Je ne réfute donc pas totalement votre proposition. Je suis même prêt à admettre que l’idée doit être examinée, car cela peut permettre à un jeune majeur de commencer correctement dans la vie, de financer des études ou une formation. Je pense cependant que ces fonds devraient provenir des allocations familiales qui, trop souvent encore, au moment du placement de l’enfant, sont maintenues à la famille d’origine même si tous les liens sont coupés avec elle. Lorsque le juge décide du placement de l’enfant, il se préoccupe rarement du devenir des allocations familiales lors de la première audience et ce n’est que six mois après, à l’occasion d’une deuxième audience, qu’il décide de les maintenir ou non. Vous nous dites que dans 95 % des situations, les liens entre la famille d’origine et l’enfant sont maintenus et qu’il n’en existe que très peu, les 5 % restants, dans lesquelles il n’y aurait plus aucun lien et pour lesquelles il y aurait lieu alors de supprimer les allocations familiales. Mais ce n’est pas la réalité de ce que nous vivons sur le terrain. Je persiste à penser que la procédure d’attribution des allocations familiales en cas de placement doit être revue. C’est là, et non pas sur l’allocation de rentrée scolaire, qu’il y aurait à mon avis une voie à explorer.

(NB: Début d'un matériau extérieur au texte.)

section \<open>Extending homomorphisms into divisible abelian groups\<close>

text \<open>When \<open>B\<close> contains the derived subgroup it is normal, and then \<open>adjoin G B x\<close> is the
  subgroup generated by \<open>B\<close> and \<open>x\<close>.\<close>
definition adjoin :: "('a, 'm) monoid_scheme \<Rightarrow> 'a set \<Rightarrow> 'a \<Rightarrow> 'a set" where
  "adjoin G B x = {b \<otimes>\<^bsub>G\<^esub> x [^]\<^bsub>G\<^esub> (k::int) | b k. b \<in> B}"

context group
begin

lemma inv_mult_cancel_left [simp]: "a \<in> carrier G \<Longrightarrow> c \<in> carrier G \<Longrightarrow> inv a \<otimes> (a \<otimes> c) = c"
  by (simp add: m_assoc[symmetric])

lemma commutator_in_derived:
  "a \<in> carrier G \<Longrightarrow> b \<in> carrier G \<Longrightarrow> a \<otimes> b \<otimes> inv a \<otimes> inv b \<in> derived G (carrier G)"
  unfolding derived_def by (intro generate.incl) blast

lemma conj_eq_mult_commutator:
  "b \<in> carrier G \<Longrightarrow> y \<in> carrier G \<Longrightarrow> y \<otimes> b \<otimes> inv y = b \<otimes> (inv b \<otimes> y \<otimes> b \<otimes> inv y)"
  by (simp add: m_assoc[symmetric])

lemma conj_mem_of_derived_subset:
  assumes B: "subgroup B G" "derived G (carrier G) \<subseteq> B" and b: "b \<in> B" and y: "y \<in> carrier G"
  shows "y \<otimes> b \<otimes> inv y \<in> B"
proof -
  have bc: "b \<in> carrier G" using B b subgroup.subset by blast
  have "inv b \<otimes> y \<otimes> b \<otimes> inv y \<in> B"
    using B commutator_in_derived[of "inv b" y] bc y by auto
  then show ?thesis using conj_eq_mult_commutator[OF bc y] b B subgroup.m_closed by metis
qed

lemma hom_conj_eq_of_derived_kernel:
  assumes Q: "group Q"
    and B: "subgroup B G" "derived G (carrier G) \<subseteq> B"
    and \<phi>: "\<phi> \<in> hom (G\<lparr>carrier := B\<rparr>) Q" "\<forall>d \<in> derived G (carrier G). \<phi> d = \<one>\<^bsub>Q\<^esub>"
    and b: "b \<in> B" and y: "y \<in> carrier G"
  shows "\<phi> (y \<otimes> b \<otimes> inv y) = \<phi> b"
proof -
  have bc: "b \<in> carrier G" using B b subgroup.subset by blast
  let ?c = "inv b \<otimes> y \<otimes> b \<otimes> inv y"
  have c: "?c \<in> derived G (carrier G)" using commutator_in_derived[of "inv b" y] bc y by simp
  have "\<phi> (y \<otimes> b \<otimes> inv y) = \<phi> b \<otimes>\<^bsub>Q\<^esub> \<phi> ?c"
    using conj_eq_mult_commutator[OF bc y] \<phi>(1) b c B(2) by (auto simp: hom_def)
  also have "\<dots> = \<phi> b" using \<phi> b c Q by (simp add: hom_def Pi_def group.is_monoid monoid.r_one)
  finally show ?thesis .
qed

lemma mult_int_pow_normal_form:
  "b \<in> carrier G \<Longrightarrow> b' \<in> carrier G \<Longrightarrow> x \<in> carrier G \<Longrightarrow>
    b \<otimes> x [^] (k::int) \<otimes> (b' \<otimes> x [^] (k'::int)) = (b \<otimes> (x [^] k \<otimes> b' \<otimes> inv (x [^] k))) \<otimes> x [^] (k + k')"
  by (simp add: int_pow_mult m_assoc)
(* Let $p$ be a prime and let $G$ be a group of order $p^7$ and nilpotency class $4$ with $|\gamma_2(G)| = p^5$. Then $\gamma_2(G)$ is abelian.
   Context: $\gamma_2(G)$ denotes the commutator subgroup of $G$. *)

theory Defs
  imports "HOL-Algebra.Algebra"
begin

definition comm_subgroup :: "('a, 'b) monoid_scheme \<Rightarrow> 'a set \<Rightarrow> 'a set \<Rightarrow> 'a set" where
  "comm_subgroup G H K = generate G
     (\<Union>h \<in> H. \<Union>k \<in> K. { h \<otimes>\<^bsub>G\<^esub> k \<otimes>\<^bsub>G\<^esub> inv\<^bsub>G\<^esub> h \<otimes>\<^bsub>G\<^esub> inv\<^bsub>G\<^esub> k })"

fun lower_central :: "('a, 'b) monoid_scheme \<Rightarrow> nat \<Rightarrow> 'a set" where
  "lower_central G 0 = carrier G"
| "lower_central G (Suc 0) = carrier G"
| "lower_central G (Suc (Suc n)) = comm_subgroup G (lower_central G (Suc n)) (carrier G)"

definition nilpotency_class :: "('a, 'b) monoid_scheme \<Rightarrow> nat \<Rightarrow> bool" where
  "nilpotency_class G c \<longleftrightarrow>
     lower_central G (Suc c) = {\<one>\<^bsub>G\<^esub>} \<and>
     (\<forall>i \<le> c. lower_central G i \<noteq> {\<one>\<^bsub>G\<^esub>})"

end

(* Class 4 gives [\<gamma>\<^sub>3, \<gamma>\<^sub>2] \<subseteq> \<gamma>\<^sub>5 = 1: for x \<in> \<gamma>\<^sub>3 the map g \<mapsto> [x, g] has central values
   in \<gamma>\<^sub>4, so it is a homomorphism into an abelian group and kills \<gamma>\<^sub>2.
   Since |G : \<gamma>\<^sub>2| = p\<^sup>2, two elements a, b generate G modulo \<gamma>\<^sub>2. Then K = \<langle>[a, b], \<gamma>\<^sub>3\<rangle>
   is normal (as [G, \<gamma>\<^sub>2] \<subseteq> \<gamma>\<^sub>3) and contains the commutators of all pairs of generators
   of G, so G/K is abelian and \<gamma>\<^sub>2 = K. The generators of K commute pairwise. *)

theory Submission
  imports Defs "HOL-Computational_Algebra.Primes"
begin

Concernant l’article 16, qui aligne l’imposition des transmissions à titre gratuit entre adoptant et adoptés simples sur le régime applicable aux transmissions en ligne directe, nous l’avions voté à l’unanimité en première lecture, puis rétabli en deuxième lecture à la suite des amendements conjoints de Bérengère Poletti et Denys Robiliard. Nous tenons à cette rédaction et nous souhaitons qu’il reste à l’identique ce soir.
Sous cette réserve et au-delà des divergences que je viens d’exprimer, je garde à l’esprit que ce qui doit dicter notre vote sur ce texte reste l’intérêt général de l’enfant et je considère que les éléments qu’il contient en ce sens sont plus forts que ce qui nous différencie. En conséquence, comme je l’avais fait en deuxième lecture, je voterai cette proposition de loi.